At land, sea and in the air, Defence simply lacks enough weapons with the long ranges needed to prevail in modern war. For decades we put priority on buying the ships, aircraft and vehicles “fitted for but not with” armaments.
Old habits die hard; the Coalition’s last budget cancelled the SkyGuardian MQ-9B armed drone just on the point of delivery. A near-identical weapon killed al-Qa’ida leader Ayman al-Zawahiri last week, showing the value of long-range drones able to stay airborne for up to 24 hours.
Nothing in the Australian Defence Force can deliver that outcome without putting pilots’ lives at risk. Enemy drones will push our crewed ships and aircraft out of combat range.
Australia needs to acquire these and similar weapons available now from current US and European production runs. We can’t wait for a domestic industry to be built over a decade but we do need an industry capable of maintaining, upgrading, storing and distributing these weapons.
On stockpiling, the lesson of the Ukraine war is that missiles will be depleted very quickly, so they need to be bought in sufficient numbers they can be stockpiled and used in large numbers across prolonged conflict. Defence used to buy small numbers of missiles for training purposes, but we have no serious “war stocks” to speak of. When the missiles run out it doesn’t matter how advanced the launch vehicle is.
Governments have been frustrated for decades over the slowness of Defence decision-making. It’s not that officials are lazy; it’s more that the system is designed around peacetime priorities to reduce risk, weigh options and deliver modest successes.
Smith and Houston need to propose an emergency weapons procurement agency, something that will accept the reality of the strategic judgment that a mid-decade war is a real possibility.
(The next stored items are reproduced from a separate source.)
lemma ising_expect_weighted_residual_sq_le:
  assumes sym: "\<And>i l. i < n \<Longrightarrow> l < n \<Longrightarrow> A n i l = A n l i"
    and nonneg: "\<And>i l. i < n \<Longrightarrow> l < n \<Longrightarrow> A n i l \<ge> 0"
    and diag: "\<And>i. i < n \<Longrightarrow> A n i i = 0"
    and row: "\<And>i. i < n \<Longrightarrow> (\<Sum>j<n. A n i j) \<le> \<gamma>"
    and "\<gamma> \<ge> 0" and "\<beta> \<ge> 0"
  shows "ising_expect A \<beta> B n (\<lambda>x. weighted_residual A \<beta> B n x ^ 2)
           \<le> real n * (2 * \<gamma> * (\<gamma> + \<beta> * \<gamma> * \<gamma>))"
proof -
  let ?r = "spin_residual A \<beta> B n" and ?Q = "weighted_residual A \<beta> B n"
    and ?w = "ising_weight A \<beta> B n" and ?Z = "ising_Z A \<beta> B n"
    and ?K = "2 * (\<gamma> + \<beta> * \<gamma> * \<gamma>)"
  have column: "(\<Sum>i<n. A n i l) \<le> \<gamma>" if "l < n" for l
  proof -
    have "(\<Sum>i<n. A n i l) = (\<Sum>i<n. A n l i)"
      using that by (intro sum.cong refl sym) auto
    then show ?thesis using row[OF that] by simp
  qed
  have "(\<Sum>x\<in>spin_configs n. ?Q x ^ 2 * ?w x)
      = (\<Sum>k<n. (\<Sum>i<n. A n i k) * (\<Sum>x\<in>spin_configs n. ?r x k * ?Q x * ?w x))"
  proof -
    have "?Q x ^ 2 * ?w x = (\<Sum>k<n. (\<Sum>i<n. A n i k) * (?r x k * ?Q x * ?w x))" for x
    proof -
      have "?Q x ^ 2 * ?w x = (\<Sum>k<n. (\<Sum>i<n. A n i k) * ?r x k) * ?Q x * ?w x"
        unfolding power2_eq_square by (subst (1) weighted_residual_def) simp
      then show ?thesis by (simp add: sum_distrib_right mult.assoc)
    qed
    then show ?thesis
      by (simp add: sum.swap[of _ "spin_configs n"] sum_distrib_left)
  qed
  also have "\<dots> \<le> (\<Sum>k<n. \<gamma> * (?K * ?Z))"
  proof (rule sum_mono)
    fix k assume "k \<in> {..<n}"
    then have k: "k < n" by simp
    have "(\<Sum>i<n. A n i k) * (\<Sum>x\<in>spin_configs n. ?r x k * ?Q x * ?w x)
        \<le> (\<Sum>i<n. A n i k) * (?K * ?Z)"
      using sum_spin_residual_mult_weighted_residual_le[where A = A and B = B,
          OF k assms(6) sym nonneg diag[OF k] column] nonneg k
      by (intro mult_left_mono) (auto intro: sum_nonneg)
    also have "\<dots> \<le> \<gamma> * (?K * ?Z)"
      using column[OF k] assms(5,6) ising_Z_pos[of A \<beta> B n] by (intro mult_right_mono) auto
    finally show "(\<Sum>i<n. A n i k) * (\<Sum>x\<in>spin_configs n. ?r x k * ?Q x * ?w x) \<le> \<gamma> * (?K * ?Z)" .
  qed
  finally have "(\<Sum>x\<in>spin_configs n. ?Q x ^ 2 * ?w x) \<le> real n * (2 * \<gamma> * (\<gamma> + \<beta> * \<gamma> * \<gamma>)) * ?Z"
    by (simp add: ac_simps)
  then show ?thesis
    unfolding ising_expect_def using ising_Z_pos[of A \<beta> B n] by (simp add: pos_divide_le_eq)
qed

theorem lemma3:
  fixes A :: "nat \<Rightarrow> nat \<Rightarrow> nat \<Rightarrow> real" and \<beta> B :: real
  assumes sym: "\<And>n i j. i < n \<Longrightarrow> j < n \<Longrightarrow> A n i j = A n j i"
    and nonneg: "\<And>n i j. i < n \<Longrightarrow> j < n \<Longrightarrow> A n i j \<ge> 0"
    and diag: "\<And>n i. i < n \<Longrightarrow> A n i i = 0"
    and C1: "\<exists>\<gamma>::real. \<forall>n i. i < n \<longrightarrow> (\<Sum>j<n. A n i j) \<le> \<gamma>"
    and C2: "liminf (\<lambda>n. ereal ((1 / real n) * (\<Sum>i<n. \<Sum>j<n. A n i j))) > 0"
    and beta_pos: "\<beta> > 0" and B_ne: "B \<noteq> 0"
  shows "limsup (\<lambda>n. ereal ((1 / real n) *
           ising_expect A \<beta> B n (\<lambda>x. (\<Sum>i<n. local_field A n x i
              - (\<Sum>j<n. A n i j * tanh (\<beta> * local_field A n x j + B))) ^ 2))) < \<infinity>"
proof -
  obtain \<gamma> :: real where row: "\<And>n i. i < n \<Longrightarrow> (\<Sum>j<n. A n i j) \<le> \<gamma>" using C1 by blast
  have "\<gamma> \<ge> 0" using row[of 0 1] diag[of 0 1] by simp
  define C where "C = 2 * \<gamma> * (\<gamma> + \<beta> * \<gamma> * \<gamma>)"
  have bound: "(1 / real n) * ising_expect A \<beta> B n (\<lambda>x. weighted_residual A \<beta> B n x ^ 2) \<le> C" for n
  proof (cases "n = 0")
    case True
    then show ?thesis using \<open>\<gamma> \<ge> 0\<close> beta_pos by (simp add: C_def)
  next
    case False
    then show ?thesis
      using ising_expect_weighted_residual_sq_le[where A = A and n = n and \<beta> = \<beta> and B = B, OF sym nonneg diag row \<open>\<gamma> \<ge> 0\<close>]
        beta_pos unfolding C_def by (simp add: field_simps)
  qed
  have "limsup (\<lambda>n. ereal ((1 / real n) *
          ising_expect A \<beta> B n (\<lambda>x. weighted_residual A \<beta> B n x ^ 2))) \<le> ereal C"
    using bound by (intro Limsup_bounded always_eventually) simp
  then show ?thesis
    unfolding sum_local_field_residuals_eq_weighted_residual
    using order.strict_trans1 by fastforce
qed
lemma relation_compatible_insert:
  fixes u :: "'v \<Rightarrow> 'k::field"
  assumes alg: "alg_closed_field TYPE('k)" and fin: "finite A" and a: "a \<notin> A"
    and nz: "\<forall>v\<in>A. u v \<noteq> 0" and comp: "relation_compatible r W A u"
  obtains s where "s \<noteq> 0" and "relation_compatible r W (insert a A) (u(a := s))"
proof -
  obtain g :: nat and d where d: "\<forall>j<r. int g * W a j = (\<Sum>v\<in>A. d v * W v j)"
    and g_dvd: "\<And>k c. \<forall>j<r. k * W a j = (\<Sum>v\<in>A. c v * W v j) \<Longrightarrow> int g dvd k"
    using weight_multiples_in_span[where r=r and W=W and a=a and A=A] by blast
  define b where "b = (\<Prod>v\<in>A. u v powi d v)"
  have "b \<noteq> 0" unfolding b_def using nz fin by (simp add: power_int_not_zero)
  moreover have "b = 1" if "g = 0"
    using comp d that unfolding b_def relation_compatible_def weight_relation_def by simp
  ultimately have "\<exists>s. s \<noteq> 0 \<and> s ^ g = b"
    using alg_closed_nth_root[OF alg, of g b] by (cases "g = 0") (auto intro: exI[of _ 1])
  then obtain s where s: "s \<noteq> 0" "s ^ g = b" by blast
  have "(\<Prod>v\<in>insert a A. (u(a := s)) v powi c v) = 1" if rel: "weight_relation r W (insert a A) c" for c
  proof -
    have rel': "\<forall>j<r. (\<Sum>v\<in>A. c v * W v j) = - c a * W a j"
      using rel weight_relation_insert[OF fin a] by blast
    then obtain m where m: "c a = int g * m" using g_dvd[of "- c a" c] by fastforce
    \<comment> \<open>shifting c by a multiple of d cancels the coefficient of a\<close>
    have "weight_relation r W A (\<lambda>v. c v + m * d v)"
      unfolding weight_relation_def
    proof (intro allI impI)
      fix j assume "j < r"
      hence "(\<Sum>v\<in>A. (c v + m * d v) * W v j) = - c a * W a j + m * (int g * W a j)"
        using rel' d by (simp add: algebra_simps sum.distrib sum_distrib_left)
      thus "(\<Sum>v\<in>A. (c v + m * d v) * W v j) = 0" by (simp add: m algebra_simps)
    qed
    hence "1 = (\<Prod>v\<in>A. u v powi c v * (u v powi d v) powi m)"
      using comp nz unfolding relation_compatible_def
      by (auto simp: power_int_add power_int_mult[symmetric] mult.commute[of m] intro!: prod.cong)
    also have "\<dots> = (\<Prod>v\<in>A. u v powi c v) * b powi m"
      unfolding b_def prod.distrib using fin
      by (induction A rule: finite_induct) (auto simp: power_int_mult_distrib)
    also have "b powi m = s powi c a" by (simp add: m power_int_mult s)
    also have "(\<Prod>v\<in>A. u v powi c v) = (\<Prod>v\<in>A. (u(a := s)) v powi c v)"
      using a by (intro prod.cong) auto
    finally show ?thesis using fin a by (simp add: mult.commute)
  qed
  thus ?thesis using s(1) that unfolding relation_compatible_def by blast
qed
lemma polytope_exit_height_Min_affine:
  fixes P :: "'a::euclidean_space set"
  assumes P: "polytope P" "P \<noteq> {}" and u: "norm u = 1"
  obtains J :: "nat set" and c :: "nat \<Rightarrow> real" and g :: "nat \<Rightarrow> 'a"
  where "finite J" "J \<noteq> {}" "\<And>x. x \<in> slab_shadow u P \<Longrightarrow> exit_height P u x = (MIN j\<in>J. c j + g j \<bullet> x)"
proof -
  obtain m :: nat and a b where Pab: "P = {z. \<forall>j<m. a j \<bullet> z \<le> b j}"
    using polyhedron_obtain_indexed_halfspaces[OF polytope_imp_polyhedron[OF P(1)]] .
  have bdd: "bounded P"
    using P(1) by (simp add: polytope_imp_bounded)
  obtain p where "p \<in> P"
    using P(2) by auto
  have "u \<bullet> (p - (u \<bullet> p) *\<^sub>R u) = 0"
    using u by (simp add: inner_diff_right norm_eq_1)
  then have "p - (u \<bullet> p) *\<^sub>R u \<in> slab_shadow u P"
    using \<open>p \<in> P\<close> by (auto simp: slab_shadow_def slab_def intro!: exI[of _ "u \<bullet> p"])
  then have "{j. j < m \<and> 0 < a j \<bullet> u} \<noteq> {}"
    by (rule exit_height_halfspaces_Min(1)[OF Pab bdd u])
  then show ?thesis
    using exit_height_halfspaces_Min(2)[OF Pab bdd u]
    by (intro that[of "{j. j < m \<and> 0 < a j \<bullet> u}" "\<lambda>j. b j / (a j \<bullet> u)" "\<lambda>j. u - (1 / (a j \<bullet> u)) *\<^sub>R a j"]) auto
qed

lemma integrable_exit_height:
  fixes P :: "'a::euclidean_space set"
  assumes P: "polytope P" and u: "norm u = 1"
  shows "integrable lborel (\<lambda>x. indicator (slab_shadow u P) x *\<^sub>R cis (- \<omega> * exit_height P u x))"
proof (cases "P = {}")
  case True
  then show ?thesis
    by (simp add: slab_shadow_def)
next
  case False
  obtain J :: "nat set" and c g where "finite J"
    and "\<And>x. x \<in> slab_shadow u P \<Longrightarrow> exit_height P u x = (MIN j\<in>J. c j + g j \<bullet> x)"
    using polytope_exit_height_Min_affine[OF P False u] by metis
  moreover have "slab_shadow u P \<in> sets borel" "bounded (slab_shadow u P)"
    using P u by (simp_all add: borel_closed closed_slab_shadow bounded_slab_shadow
        polytope_imp_compact polytope_imp_bounded)
  ultimately show ?thesis
    by (intro integrable_indicator_cis_min_affine)
qed

lemma oscillatory_integral_exit_height:
  fixes P :: "'a::euclidean_space set"
  assumes P: "polytope P" and u: "norm u = 1" and zs: "zs \<in> P" "\<And>z. z \<in> P \<Longrightarrow> u \<bullet> z \<le> u \<bullet> zs"
  shows "\<exists>K. \<forall>\<omega>. \<omega> \<noteq> 0 \<longrightarrow>
    norm ((\<integral>x. indicator (slab_shadow u P) x *\<^sub>R cis (- \<omega> * exit_height P u x) \<partial>lborel)
      - measure lborel (slab_shadow u (P \<inter> {z. u \<bullet> z = u \<bullet> zs})) *\<^sub>R cis (- \<omega> * (u \<bullet> zs))) \<le> K / \<bar>\<omega>\<bar>"
proof -
  define H where "H = slab_shadow u P"
  have cpt: "compact P"
    using P by (rule polytope_imp_compact)
  have uu: "u \<bullet> u = 1"
    using u by (simp add: norm_eq_1)
  obtain J :: "nat set" and c g where J: "finite J" "J \<noteq> {}"
    and Min: "\<And>x. x \<in> H \<Longrightarrow> exit_height P u x = (MIN j\<in>J. c j + g j \<bullet> x)"
    using polytope_exit_height_Min_affine[OF P _ u] zs(1) unfolding H_def by blast
  have H: "H \<in> sets borel" "convex H" "bounded H"
    using P u cpt by (simp_all add: H_def borel_closed closed_slab_shadow bounded_slab_shadow
        convex_slab_shadow polytope_imp_convex polytope_imp_bounded)
  have exit_in: "x + Sup {t. x + t *\<^sub>R u \<in> P} *\<^sub>R u \<in> P"
    and above: "\<And>t. x + t *\<^sub>R u \<in> P \<Longrightarrow> u \<bullet> (x + t *\<^sub>R u) \<le> exit_height P u x" if "x \<in> H" for x
    using exit_point[OF cpt u] that by (auto simp: H_def slab_shadow_def)
  have exit_eq: "exit_height P u x = u \<bullet> (x + Sup {t. x + t *\<^sub>R u \<in> P} *\<^sub>R u)" for x
    using uu by (simp add: exit_height_def inner_add_right)
  have le: "exit_height P u x \<le> u \<bullet> zs" if "x \<in> H" for x
    using zs(2)[OF exit_in[OF that]] by (simp add: exit_eq)
  define x0 where "x0 = zs - (u \<bullet> zs) *\<^sub>R u"
  have x0_zs: "x0 + (u \<bullet> zs) *\<^sub>R u = zs"
    by (simp add: x0_def)
  moreover have "u \<bullet> x0 = 0"
    using uu by (simp add: x0_def inner_diff_right)
  ultimately have x0H: "x0 \<in> H"
    using zs(1) by (auto simp: H_def slab_shadow_def slab_def intro!: exI[of _ "u \<bullet> zs"])
  then have "exit_height P u x0 = u \<bullet> zs"
    using le[OF x0H] above[OF x0H, of "u \<bullet> zs"] x0_zs zs(1) by simp
  note x0 = x0H this
  have "{x \<in> H. exit_height P u x = u \<bullet> zs} = slab_shadow u (P \<inter> {z. u \<bullet> z = u \<bullet> zs})"
  proof (intro set_eqI iffI)
    fix x assume "x \<in> {x \<in> H. exit_height P u x = u \<bullet> zs}"
    then show "x \<in> slab_shadow u (P \<inter> {z. u \<bullet> z = u \<bullet> zs})"
      using exit_in[of x] exit_eq[of x] by (auto simp: H_def slab_shadow_def)
  next
    fix x assume "x \<in> slab_shadow u (P \<inter> {z. u \<bullet> z = u \<bullet> zs})"
    then obtain t where "x \<in> slab u" "x + t *\<^sub>R u \<in> P" "u \<bullet> (x + t *\<^sub>R u) = u \<bullet> zs"
      by (auto simp: slab_shadow_def)
    moreover from this have "x \<in> H"
      by (auto simp: H_def slab_shadow_def)
    ultimately show "x \<in> {x \<in> H. exit_height P u x = u \<bullet> zs}"
      using above[of x t] le[of x] by auto
  qed
  with oscillatory_integral_min_affine[OF H J Min le x0] show ?thesis
    by (simp add: H_def)
qed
This step alone will overturn decades of rusted-on Defence processes. The test is simple: buy only what can be delivered in three to five years.
The fourth priority is to work with the US to increase its military presence, particularly in northern Australia. Smith was defence minister and Houston was chief of defence force when the US Marine Corps and greater US Air Force presence in the north was negotiated. They understand the deterrent value of that American military presence.
In the event of a military crisis in the Indo-Pacific, American policy is to disperse their forces to complicate enemy targeting. For Australia that means we urgently need to think about how we deal with that situation.
The good news is that we are not alone. The “force posture” Smith and Houston need to consider is an allied force posture, but a larger US presence will draw heavily on Australia’s limited northern infrastructure. What can we do to make the north better able to handle a substantial growth in military forces there? Hardening and dispersing bases and areas from which the ADF and allied forces may operate is another critical task.
For years the policy priority was to create fewer, larger bases. Often near population centres, these large bases are barely protected against protesters, let along a determined foreign adversary. There is a huge task ahead to determine how to strengthen these facilities and to plan for dispersing our own forces (not just in Australia) at a time of crisis.
Finally, there is the issue of national resilience. We have grown used to the ADF being the national “go-to” resource in dealing with fires, floods and pandemics. Shortly before or during conflict the onus will be reversed: the military will look to industry and the Australian population to support a bigger defence effort. Smith and Houston need to start that conversation with the Australian people.
It is not often realised or reported but there is no more urgent policy agenda before the Albanese government than this new strategic review. It’s time to accept the truth about our worsening strategic position and start defence planning as though the threat was real – because it most assuredly is.
Peter Jennings is the former executive director of the Australian Strategic Policy Institute and a former deputy secretary for strategy at the Defence Department.